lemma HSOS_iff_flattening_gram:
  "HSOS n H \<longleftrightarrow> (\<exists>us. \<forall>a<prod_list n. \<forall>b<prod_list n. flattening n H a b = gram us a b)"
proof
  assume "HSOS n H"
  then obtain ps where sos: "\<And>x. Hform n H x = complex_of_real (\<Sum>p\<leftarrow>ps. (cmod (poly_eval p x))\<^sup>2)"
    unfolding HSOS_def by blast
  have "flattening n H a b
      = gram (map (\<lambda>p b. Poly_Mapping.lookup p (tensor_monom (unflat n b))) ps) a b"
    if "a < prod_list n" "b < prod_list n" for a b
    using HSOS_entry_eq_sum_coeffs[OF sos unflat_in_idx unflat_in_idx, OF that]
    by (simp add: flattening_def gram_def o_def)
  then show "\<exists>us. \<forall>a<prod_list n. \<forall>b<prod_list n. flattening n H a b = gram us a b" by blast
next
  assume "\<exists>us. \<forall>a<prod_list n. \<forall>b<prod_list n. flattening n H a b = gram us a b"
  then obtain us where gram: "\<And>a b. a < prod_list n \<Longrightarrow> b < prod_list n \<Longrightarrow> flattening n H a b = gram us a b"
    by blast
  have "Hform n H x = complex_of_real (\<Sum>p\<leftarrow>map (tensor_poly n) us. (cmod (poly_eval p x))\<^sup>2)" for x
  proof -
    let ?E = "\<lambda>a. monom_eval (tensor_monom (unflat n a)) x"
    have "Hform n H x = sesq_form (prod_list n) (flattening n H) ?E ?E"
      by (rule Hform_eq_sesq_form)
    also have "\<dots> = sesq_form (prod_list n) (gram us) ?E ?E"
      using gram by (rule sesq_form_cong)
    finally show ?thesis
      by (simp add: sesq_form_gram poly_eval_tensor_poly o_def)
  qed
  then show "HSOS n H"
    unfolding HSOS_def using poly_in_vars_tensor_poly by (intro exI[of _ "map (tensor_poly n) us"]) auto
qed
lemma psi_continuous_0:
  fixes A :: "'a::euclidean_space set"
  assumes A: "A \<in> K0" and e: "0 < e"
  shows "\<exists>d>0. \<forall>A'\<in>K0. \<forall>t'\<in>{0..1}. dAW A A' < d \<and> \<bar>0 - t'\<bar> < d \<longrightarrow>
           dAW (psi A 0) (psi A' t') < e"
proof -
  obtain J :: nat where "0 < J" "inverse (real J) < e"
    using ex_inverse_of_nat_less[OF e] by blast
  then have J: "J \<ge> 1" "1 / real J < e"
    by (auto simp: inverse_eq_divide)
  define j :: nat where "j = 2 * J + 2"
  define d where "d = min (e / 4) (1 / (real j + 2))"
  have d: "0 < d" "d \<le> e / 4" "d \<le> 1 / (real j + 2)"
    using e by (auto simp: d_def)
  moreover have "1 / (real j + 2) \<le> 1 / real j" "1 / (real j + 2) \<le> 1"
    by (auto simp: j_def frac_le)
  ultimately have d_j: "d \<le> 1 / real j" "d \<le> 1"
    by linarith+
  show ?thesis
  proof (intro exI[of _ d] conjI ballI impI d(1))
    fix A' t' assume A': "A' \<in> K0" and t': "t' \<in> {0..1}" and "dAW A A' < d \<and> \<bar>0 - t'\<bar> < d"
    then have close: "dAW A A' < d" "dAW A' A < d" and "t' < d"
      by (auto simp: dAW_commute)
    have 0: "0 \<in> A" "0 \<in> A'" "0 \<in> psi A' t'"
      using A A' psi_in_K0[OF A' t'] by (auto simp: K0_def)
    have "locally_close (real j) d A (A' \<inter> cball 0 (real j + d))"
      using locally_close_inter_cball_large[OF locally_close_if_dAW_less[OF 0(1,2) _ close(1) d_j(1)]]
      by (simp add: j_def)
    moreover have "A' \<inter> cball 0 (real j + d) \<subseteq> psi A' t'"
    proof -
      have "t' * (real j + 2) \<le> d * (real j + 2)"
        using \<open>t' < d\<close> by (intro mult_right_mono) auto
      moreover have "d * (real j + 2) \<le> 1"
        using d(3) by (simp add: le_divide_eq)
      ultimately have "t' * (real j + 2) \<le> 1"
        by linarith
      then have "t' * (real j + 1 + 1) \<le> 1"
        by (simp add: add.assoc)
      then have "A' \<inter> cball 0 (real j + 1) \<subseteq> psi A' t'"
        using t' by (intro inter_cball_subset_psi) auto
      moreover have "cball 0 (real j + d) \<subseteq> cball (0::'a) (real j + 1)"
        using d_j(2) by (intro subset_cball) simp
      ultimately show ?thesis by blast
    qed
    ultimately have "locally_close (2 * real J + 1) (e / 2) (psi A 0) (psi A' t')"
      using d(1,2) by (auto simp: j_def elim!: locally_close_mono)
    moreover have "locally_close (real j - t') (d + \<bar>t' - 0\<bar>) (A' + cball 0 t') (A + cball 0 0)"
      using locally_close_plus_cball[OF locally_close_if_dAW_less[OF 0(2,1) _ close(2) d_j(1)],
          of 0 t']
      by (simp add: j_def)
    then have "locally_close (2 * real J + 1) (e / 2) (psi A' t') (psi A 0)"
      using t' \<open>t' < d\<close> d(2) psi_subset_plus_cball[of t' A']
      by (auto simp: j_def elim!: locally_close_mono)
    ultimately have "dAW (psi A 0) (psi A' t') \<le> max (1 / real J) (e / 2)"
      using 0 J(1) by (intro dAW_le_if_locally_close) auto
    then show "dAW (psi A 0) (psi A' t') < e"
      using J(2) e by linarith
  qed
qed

▬▬▬▬▬▬▬▬▬▬

■ **Task requirements**
All that is wanted is the number of lines in the records that include the string "where".

■ **Output for this exercise**
5